PROMPT:
How many separate lines of the data contain "ultimately"? Give the count and nothing else.
● ● ●
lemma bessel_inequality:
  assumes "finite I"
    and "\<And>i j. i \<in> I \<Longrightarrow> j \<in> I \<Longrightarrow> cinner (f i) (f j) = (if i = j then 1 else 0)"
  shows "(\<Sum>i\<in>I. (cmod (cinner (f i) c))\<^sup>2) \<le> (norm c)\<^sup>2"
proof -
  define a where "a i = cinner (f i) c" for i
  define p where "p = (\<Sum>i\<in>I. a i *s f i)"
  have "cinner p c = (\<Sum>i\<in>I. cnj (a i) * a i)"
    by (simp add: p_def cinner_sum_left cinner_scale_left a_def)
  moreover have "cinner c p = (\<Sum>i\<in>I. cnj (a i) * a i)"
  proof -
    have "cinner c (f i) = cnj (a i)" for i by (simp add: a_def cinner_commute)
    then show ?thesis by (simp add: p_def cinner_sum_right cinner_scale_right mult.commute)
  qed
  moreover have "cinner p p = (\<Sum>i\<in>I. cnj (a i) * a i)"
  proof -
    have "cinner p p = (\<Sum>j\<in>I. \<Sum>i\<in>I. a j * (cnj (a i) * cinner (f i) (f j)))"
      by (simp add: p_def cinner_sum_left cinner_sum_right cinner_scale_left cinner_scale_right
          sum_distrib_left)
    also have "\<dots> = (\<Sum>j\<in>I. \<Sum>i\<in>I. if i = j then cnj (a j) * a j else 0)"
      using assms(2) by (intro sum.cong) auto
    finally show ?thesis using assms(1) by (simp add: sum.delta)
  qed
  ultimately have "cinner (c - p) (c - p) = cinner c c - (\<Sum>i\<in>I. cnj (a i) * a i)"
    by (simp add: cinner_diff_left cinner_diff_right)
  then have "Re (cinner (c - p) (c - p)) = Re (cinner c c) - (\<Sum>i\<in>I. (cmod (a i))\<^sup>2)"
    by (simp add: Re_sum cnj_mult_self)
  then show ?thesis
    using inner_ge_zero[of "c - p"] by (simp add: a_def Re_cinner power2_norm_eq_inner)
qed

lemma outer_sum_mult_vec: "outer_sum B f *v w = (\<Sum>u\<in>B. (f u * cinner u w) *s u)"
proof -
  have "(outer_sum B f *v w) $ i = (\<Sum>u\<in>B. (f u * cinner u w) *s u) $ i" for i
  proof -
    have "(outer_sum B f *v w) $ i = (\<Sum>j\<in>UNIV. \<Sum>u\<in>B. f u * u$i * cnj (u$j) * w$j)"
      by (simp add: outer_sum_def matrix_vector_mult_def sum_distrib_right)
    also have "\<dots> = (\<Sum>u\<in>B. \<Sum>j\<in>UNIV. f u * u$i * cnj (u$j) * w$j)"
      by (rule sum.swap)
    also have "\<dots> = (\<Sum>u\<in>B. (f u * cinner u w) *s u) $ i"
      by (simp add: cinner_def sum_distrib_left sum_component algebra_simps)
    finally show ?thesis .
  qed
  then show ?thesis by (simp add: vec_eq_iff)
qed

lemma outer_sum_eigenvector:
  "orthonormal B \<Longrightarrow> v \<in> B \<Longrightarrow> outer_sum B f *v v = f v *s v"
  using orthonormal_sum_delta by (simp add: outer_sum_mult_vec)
● ● ●
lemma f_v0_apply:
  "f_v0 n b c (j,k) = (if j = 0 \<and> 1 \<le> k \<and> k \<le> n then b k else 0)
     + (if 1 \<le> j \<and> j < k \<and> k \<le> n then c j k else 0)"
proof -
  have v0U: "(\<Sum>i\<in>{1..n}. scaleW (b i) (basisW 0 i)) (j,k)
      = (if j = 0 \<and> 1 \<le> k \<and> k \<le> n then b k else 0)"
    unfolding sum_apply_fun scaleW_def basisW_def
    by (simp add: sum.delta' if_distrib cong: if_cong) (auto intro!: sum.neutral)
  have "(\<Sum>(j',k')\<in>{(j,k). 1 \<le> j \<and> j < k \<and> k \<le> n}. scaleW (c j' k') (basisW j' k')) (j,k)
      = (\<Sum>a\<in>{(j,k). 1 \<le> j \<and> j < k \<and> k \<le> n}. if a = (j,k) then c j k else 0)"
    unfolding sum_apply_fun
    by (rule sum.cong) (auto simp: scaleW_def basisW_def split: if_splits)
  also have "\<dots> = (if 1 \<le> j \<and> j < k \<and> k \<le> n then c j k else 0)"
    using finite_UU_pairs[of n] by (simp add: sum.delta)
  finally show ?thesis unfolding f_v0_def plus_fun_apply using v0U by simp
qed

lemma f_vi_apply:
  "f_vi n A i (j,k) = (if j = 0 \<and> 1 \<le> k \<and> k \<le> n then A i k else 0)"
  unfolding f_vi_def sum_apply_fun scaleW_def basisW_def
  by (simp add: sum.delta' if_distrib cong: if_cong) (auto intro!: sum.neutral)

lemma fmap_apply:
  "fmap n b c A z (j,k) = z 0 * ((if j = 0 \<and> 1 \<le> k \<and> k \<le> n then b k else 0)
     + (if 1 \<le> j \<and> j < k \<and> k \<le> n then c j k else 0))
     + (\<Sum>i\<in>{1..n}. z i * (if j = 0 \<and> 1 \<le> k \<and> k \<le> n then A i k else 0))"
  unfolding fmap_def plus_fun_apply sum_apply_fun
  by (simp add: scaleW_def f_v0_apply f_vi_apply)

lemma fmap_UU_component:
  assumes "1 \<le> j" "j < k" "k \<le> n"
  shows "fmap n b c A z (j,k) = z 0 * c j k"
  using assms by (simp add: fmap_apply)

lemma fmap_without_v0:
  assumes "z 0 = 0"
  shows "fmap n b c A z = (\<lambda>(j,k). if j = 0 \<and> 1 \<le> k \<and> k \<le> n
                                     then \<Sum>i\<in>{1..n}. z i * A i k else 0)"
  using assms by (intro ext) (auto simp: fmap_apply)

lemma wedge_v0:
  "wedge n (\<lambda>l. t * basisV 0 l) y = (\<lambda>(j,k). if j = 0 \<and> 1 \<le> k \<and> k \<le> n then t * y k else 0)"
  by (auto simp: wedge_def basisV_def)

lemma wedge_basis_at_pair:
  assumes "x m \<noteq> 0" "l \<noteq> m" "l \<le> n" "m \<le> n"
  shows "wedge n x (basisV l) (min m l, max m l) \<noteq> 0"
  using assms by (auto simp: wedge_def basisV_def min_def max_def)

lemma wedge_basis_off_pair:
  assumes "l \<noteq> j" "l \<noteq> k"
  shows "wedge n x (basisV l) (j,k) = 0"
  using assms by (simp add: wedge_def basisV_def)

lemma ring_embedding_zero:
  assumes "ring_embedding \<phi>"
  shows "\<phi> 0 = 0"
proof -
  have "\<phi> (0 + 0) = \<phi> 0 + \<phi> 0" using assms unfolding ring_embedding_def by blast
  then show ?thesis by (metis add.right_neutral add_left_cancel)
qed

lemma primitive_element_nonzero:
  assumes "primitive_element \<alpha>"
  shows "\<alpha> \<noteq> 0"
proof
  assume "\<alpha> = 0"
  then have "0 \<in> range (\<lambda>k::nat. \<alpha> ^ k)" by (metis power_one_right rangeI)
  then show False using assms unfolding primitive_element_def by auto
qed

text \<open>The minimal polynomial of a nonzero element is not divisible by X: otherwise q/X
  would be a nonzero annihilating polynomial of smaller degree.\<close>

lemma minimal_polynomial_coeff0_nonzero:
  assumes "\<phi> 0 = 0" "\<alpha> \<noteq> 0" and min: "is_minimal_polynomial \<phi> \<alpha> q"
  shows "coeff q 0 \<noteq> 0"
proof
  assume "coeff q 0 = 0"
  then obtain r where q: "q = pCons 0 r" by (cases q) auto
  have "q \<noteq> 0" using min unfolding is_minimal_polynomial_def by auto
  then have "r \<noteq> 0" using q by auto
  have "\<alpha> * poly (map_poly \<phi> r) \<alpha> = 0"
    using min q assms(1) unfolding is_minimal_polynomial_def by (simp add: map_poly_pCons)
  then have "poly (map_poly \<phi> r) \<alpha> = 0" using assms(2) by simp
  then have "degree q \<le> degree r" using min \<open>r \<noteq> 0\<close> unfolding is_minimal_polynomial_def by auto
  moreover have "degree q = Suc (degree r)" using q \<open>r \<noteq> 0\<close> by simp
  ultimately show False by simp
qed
● ● ●
RESULT OF THIS EXERCISE:
2